(* Let $\chi:\mathcal H\to\mathcal H_L^\chi\otimes\mathcal H_R^\chi$ be a balanced splitting map such that $\mathcal A=\mathrm{stloc}_L(\chi)$ is a factor. Then there exist finite index sets $L,R,M$, an orthonormal basis $\{e_{l,r}\}_{(l,r)\in L\times R}$ of $\mathcal H$, an orthonormal family $\{f_{l,m}\}_{(l,m)\in L\times M}$ in $\mathcal H_L^\chi$, an orthonormal family $\{g_{r,m}\}_{(r,m)\in R\times M}$ in $\mathcal H_R^\chi$, and complex numbers $(\lambda_m)_{m\in M}$ such that $\chi(e_{l,r})=\sum_{m\in M}\lambda_m\,f_{l,m}\otimes g_{r,m}$ for all $l,r$.
   Context: All Hilbert spaces are finite-dimensional and complex. A splitting map on $\mathcal H$ is an isometry $\chi:\mathcal H\to\mathcal H_L^\chi\otimes\mathcal H_R^\chi$. $A\in\mathcal L(\mathcal H)$ is strictly left $\chi$-local if there is $\tilde A\in\mathcal L(\mathcal H_L^\chi)$ with $A\chi^\dagger=\chi^\dagger(\tilde A\otimes\mathbb 1)$ and $\chi A=(\tilde A\otimes\mathbb 1)\chi$ (set $\mathrm{stloc}_L(\chi)$); strictly right $\chi$-local is defined symmetrically with $\mathbb 1\otimes\tilde A$, $\tilde A\in\mathcal L(\mathcal H_R^\chi)$ (set $\mathrm{stloc}_R(\chi)$). $\chi$ is balanced if $\mathrm{stloc}_R(\chi)=\mathrm{stloc}_L(\chi)'$ (commutant in $\mathcal L(\mathcal H)$). A Von Neumann algebra $\mathcal A\subseteq\mathcal L(\mathcal H)$ is a factor if $\mathcal A\cap\mathcal A'=\mathbb C\mathbb 1_{\mathcal H}$. *)

theory Defs
  imports "HOL-Analysis.Analysis"
begin

text \<open>Finite-dimensional complex Hilbert spaces are modelled as coordinate spaces
  complex^'n over a finite index type 'n, with the standard inner product
  (antilinear in the first argument).
  The tensor product H_L (x) H_R is complex^('l * 'r).\<close>

definition cinner :: "complex^'n::finite \<Rightarrow> complex^'n \<Rightarrow> complex" where
  "cinner x y = (\<Sum>i\<in>UNIV. cnj (x $ i) * y $ i)"

definition cadj :: "complex^'n::finite^'m::finite \<Rightarrow> complex^'m^'n" where
  "cadj A = (\<chi> i j. cnj (A $ j $ i))"

definition tensor_vec :: "complex^'l::finite \<Rightarrow> complex^'r::finite \<Rightarrow> complex^('l \<times> 'r)" where
  "tensor_vec f g = (\<chi> p. f $ fst p * g $ snd p)"

definition tensor_op :: "complex^'l::finite^'l \<Rightarrow> complex^'r::finite^'r \<Rightarrow> complex^('l \<times> 'r)^('l \<times> 'r)" where
  "tensor_op A B = (\<chi> p q. A $ fst p $ fst q * B $ snd p $ snd q)"

definition splitting_map :: "complex^'h::finite^('l::finite \<times> 'r::finite) \<Rightarrow> bool" where
  "splitting_map X \<longleftrightarrow> cadj X ** X = mat 1"

definition stloc_L :: "complex^'h::finite^('l::finite \<times> 'r::finite) \<Rightarrow> (complex^'h^'h) set" where
  "stloc_L X = {A. \<exists>At :: complex^'l^'l.
      A ** cadj X = cadj X ** tensor_op At (mat 1) \<and> X ** A = tensor_op At (mat 1) ** X}"

definition stloc_R :: "complex^'h::finite^('l::finite \<times> 'r::finite) \<Rightarrow> (complex^'h^'h) set" where
  "stloc_R X = {A. \<exists>At :: complex^'r^'r.
      A ** cadj X = cadj X ** tensor_op (mat 1) At \<and> X ** A = tensor_op (mat 1) At ** X}"

definition commutant :: "(complex^'h::finite^'h) set \<Rightarrow> (complex^'h^'h) set" where
  "commutant S = {B. \<forall>A\<in>S. A ** B = B ** A}"

definition balanced :: "complex^'h::finite^('l::finite \<times> 'r::finite) \<Rightarrow> bool" where
  "balanced X \<longleftrightarrow> stloc_R X = commutant (stloc_L X)"

definition von_neumann_algebra :: "(complex^'h::finite^'h) set \<Rightarrow> bool" where
  "von_neumann_algebra S \<longleftrightarrow> (\<forall>A\<in>S. cadj A \<in> S) \<and> commutant (commutant S) = S"

definition factor :: "(complex^'h::finite^'h) set \<Rightarrow> bool" where
  "factor S \<longleftrightarrow> von_neumann_algebra S \<and> S \<inter> commutant S = range mat"

end

theory Submission
  imports Defs
begin

(* A finite-dimensional factor A is a full matrix algebra acting on one tensor factor of H:
   decomposing the identity into minimal projections of A and connecting them by partial
   isometries in A gives an orthonormal basis e(q,k) of H and matrix units E(q,q') in A and
   F(k,k') in the commutant A', acting on this basis as |q><q'| (x) 1 and 1 (x) |k><k'|.
   Balancedness makes the operators of A strictly left local and those of A' strictly right
   local, so chi e(q,k) = (S q (x) T k) psi with psi = chi e(q0,k0). For a Schmidt
   decomposition psi = sum_m lam_m a_m (x) b_m, the relation E(q0,q) E(q',q0) = delta E(q0,q0)
   forces (S q)^* (S q') a_m = delta a_m, so the vectors f(q,m) = S q a_m are orthonormal,
   and likewise g(k,m) = T k b_m. *)

section \<open>Inner product, adjoint and matrix algebra\<close>

lemma cinner_add_left: "cinner (x + y) z = cinner x z + cinner y z"
  by (simp add: cinner_def sum.distrib distrib_right)

lemma cinner_add_right: "cinner x (y + z) = cinner x y + cinner x z"
  by (simp add: cinner_def sum.distrib distrib_left)

lemma cinner_diff_right: "cinner x (y - z) = cinner x y - cinner x z"
  by (simp add: cinner_def sum_subtractf right_diff_distrib)

lemma cinner_scale_left: "cinner (c *s x) y = cnj c * cinner x y"
  by (simp add: cinner_def sum_distrib_left mult_ac)

lemma cinner_scale_right: "cinner x (c *s y) = c * cinner x y"
  by (simp add: cinner_def sum_distrib_left mult_ac)

lemma cinner_zero_left [simp]: "cinner 0 x = 0"
  and cinner_zero_right [simp]: "cinner x 0 = 0"
  by (simp_all add: cinner_def)

lemma cinner_sum_right: "cinner x (sum f S) = (\<Sum>s\<in>S. cinner x (f s))"
  by (induct S rule: infinite_finite_induct) (auto simp: cinner_add_right)

lemma cnj_cinner: "cnj (cinner x y) = cinner y x"
  by (simp add: cinner_def mult.commute)

lemma inner_vec_eq_Re_cinner: "inner x y = Re (cinner x y)"
  by (simp add: inner_vec_def cinner_def inner_complex_def)

lemma cinner_self: "cinner x x = complex_of_real ((norm x)\<^sup>2)"
proof -
  have "Re (cinner x x) = (norm x)\<^sup>2"
    by (simp add: power2_norm_eq_inner inner_vec_eq_Re_cinner)
  moreover have "Im (cinner x x) = 0"
    by (simp add: cinner_def)
  ultimately show ?thesis
    by (simp add: complex_eq_iff)
qed

lemma cinner_self_eq_0 [simp]: "cinner x x = 0 \<longleftrightarrow> x = 0"
  by (simp add: cinner_self)

lemma cinner_normalize:
  assumes "x \<noteq> 0"
  shows "cinner (complex_of_real (1 / norm x) *s x) (complex_of_real (1 / norm x) *s x) = 1"
proof -
  let ?c = "complex_of_real (1 / norm x)"
  have "cinner (?c *s x) (?c *s x) = cnj ?c * ?c * cinner x x"
    by (simp add: cinner_scale_left cinner_scale_right)
  also have "\<dots> = 1"
    using assms by (simp add: cinner_self power2_eq_square)
  finally show ?thesis .
qed

lemma cadj_cadj [simp]: "cadj (cadj A) = A"
  by (simp add: cadj_def vec_eq_iff)

lemma cadj_mult: "cadj (A ** B) = cadj B ** cadj A"
  by (simp add: cadj_def matrix_matrix_mult_def vec_eq_iff mult.commute)

lemma cadj_add: "cadj (A + B) = cadj A + cadj B"
  by (simp add: cadj_def vec_eq_iff)

lemma cadj_diff: "cadj (A - B) = cadj A - cadj B"
  by (simp add: cadj_def vec_eq_iff)

lemma cadj_mat [simp]: "cadj (mat c) = mat (cnj c)"
  by (simp add: cadj_def mat_def vec_eq_iff)

lemma cadj_zero [simp]: "cadj 0 = 0"
  by (simp add: cadj_def vec_eq_iff)

lemma cadj_sum: "cadj (sum f S) = (\<Sum>s\<in>S. cadj (f s))"
  by (induct S rule: infinite_finite_induct) (auto simp: cadj_add)

lemma cinner_adj_left: "cinner (A *v x) y = cinner x (cadj A *v y)"
  unfolding cinner_def cadj_def matrix_vector_mult_def
  by (simp add: sum_distrib_left sum_distrib_right mult_ac) (rule sum.swap)

lemma cinner_adj_right: "cinner x (A *v y) = cinner (cadj A *v x) y"
  by (metis cinner_adj_left cadj_cadj)

lemma matrix_vector_mult_mat [simp]: "mat c *v x = c *s x"
  by (simp add: matrix_vector_mult_def mat_def vec_eq_iff if_distrib if_distribR cong: if_cong)

lemma matrix_vector_mult_sum_left: "sum f S *v x = (\<Sum>s\<in>S. f s *v x)"
  by (induct S rule: infinite_finite_induct) (auto simp: matrix_vector_mult_add_rdistrib)

lemma matrix_nonzero_on_vector: "A \<noteq> 0 \<Longrightarrow> \<exists>x. A *v x \<noteq> 0"
  by (metis matrix_eq matrix_vector_mult_0)

lemma matrix_add_rdistrib: "(A + B) ** C = A ** C + B ** (C :: 'a::semiring_1^'n^'m)"
  by (simp add: matrix_matrix_mult_def vec_eq_iff sum.distrib distrib_right)

lemma matrix_diff_ldistrib: "A ** (B - C) = A ** B - A ** (C :: 'a::ring_1^'n^'m)"
  by (simp add: matrix_matrix_mult_def vec_eq_iff sum_subtractf left_diff_distrib right_diff_distrib)

lemma matrix_diff_rdistrib: "(A - B) ** C = A ** C - B ** (C :: 'a::ring_1^'n^'m)"
  by (simp add: matrix_matrix_mult_def vec_eq_iff sum_subtractf left_diff_distrib right_diff_distrib)

lemma mat_mult_commute: "mat c ** A = A ** (mat c :: complex^'n^'n)"
  by (simp add: matrix_eq flip: matrix_vector_mul_assoc) (simp add: vec.scale)

lemma mat_mult_mat: "mat a ** mat b = (mat (a * b) :: complex^'n^'n)"
  by (simp add: matrix_eq flip: matrix_vector_mul_assoc)

lemma mat_add_mat: "mat a + mat b = (mat (a + b) :: complex^'n^'n)"
  by (simp add: mat_def vec_eq_iff)

lemma mat_mult_component [simp]: "(mat c ** B) $ i $ j = c * B $ i $ j"
  by (simp add: matrix_matrix_mult_def mat_def if_distrib if_distribR cong: if_cong)

lemma cadj_mat_mult: "cadj (mat c ** B) = mat (cnj c) ** cadj (B :: complex^'n^'n)"
  by (simp add: cadj_mult mat_mult_commute)

lemma mat_eq_mat_iff [simp]: "(mat a :: complex^'n^'n) = mat b \<longleftrightarrow> a = b"
proof
  assume "mat a = (mat b :: complex^'n^'n)"
  then have "(mat a :: complex^'n^'n) $ i $ i = mat b $ i $ i" for i
    by simp
  then show "a = b"
    by (simp add: mat_def)
qed simp

lemma matrix_mul_idem_right: "p ** p = p \<Longrightarrow> A ** p ** p = A ** p"
  by (simp flip: matrix_mul_assoc)

lemma matrix_mult_sum_left: "(\<Sum>s\<in>S. f s) ** B = (\<Sum>s\<in>S. f s ** B)"
  by (induct S rule: infinite_finite_induct) (auto simp: matrix_add_rdistrib)

lemma compress_mat_mult: "p ** (mat c ** Z) ** q = mat c ** (p ** Z ** (q :: complex^'n^'n))"
  by (simp add: matrix_mul_assoc mat_mult_commute[of c p])

lemma cadj_mult_self_eq_0: "cadj A ** A = 0 \<longleftrightarrow> A = 0"
proof
  assume "cadj A ** A = 0"
  then have "cinner (A *v x) (A *v x) = 0" for x
    by (simp add: cinner_adj_left matrix_vector_mul_assoc)
  then show "A = 0"
    by (simp add: matrix_eq)
qed simp

section \<open>Orthonormal eigenbases and orthogonal projections\<close>

definition orthonormal_on :: "'i set \<Rightarrow> ('i \<Rightarrow> complex^'n::finite) \<Rightarrow> bool" where
  "orthonormal_on I u \<longleftrightarrow> (\<forall>i\<in>I. \<forall>j\<in>I. cinner (u i) (u j) = (if i = j then 1 else 0))"

lemma orthonormal_on_reindex:
  assumes "orthonormal_on I u" "inj_on h J" "h ` J \<subseteq> I"
  shows "orthonormal_on J (\<lambda>j. u (h j))"
  using assms unfolding orthonormal_on_def inj_on_def by (auto simp: subset_iff)

lemma scaleR_eq_scale_of_real: "r *\<^sub>R (x :: complex^'n) = complex_of_real r *s x"
  by (simp add: scaleR_vec_def vector_scalar_mult_def vec_eq_iff scaleR_conv_of_real)

lemma norm_scale_of_real: "norm (complex_of_real r *s (x :: complex^'n)) = \<bar>r\<bar> * norm x"
  by (metis scaleR_eq_scale_of_real norm_scaleR)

### About this exercise:
Work through the records above and count the lines that hold the string "subseteq". Please give only that figure.

### Answer to the exercise:
2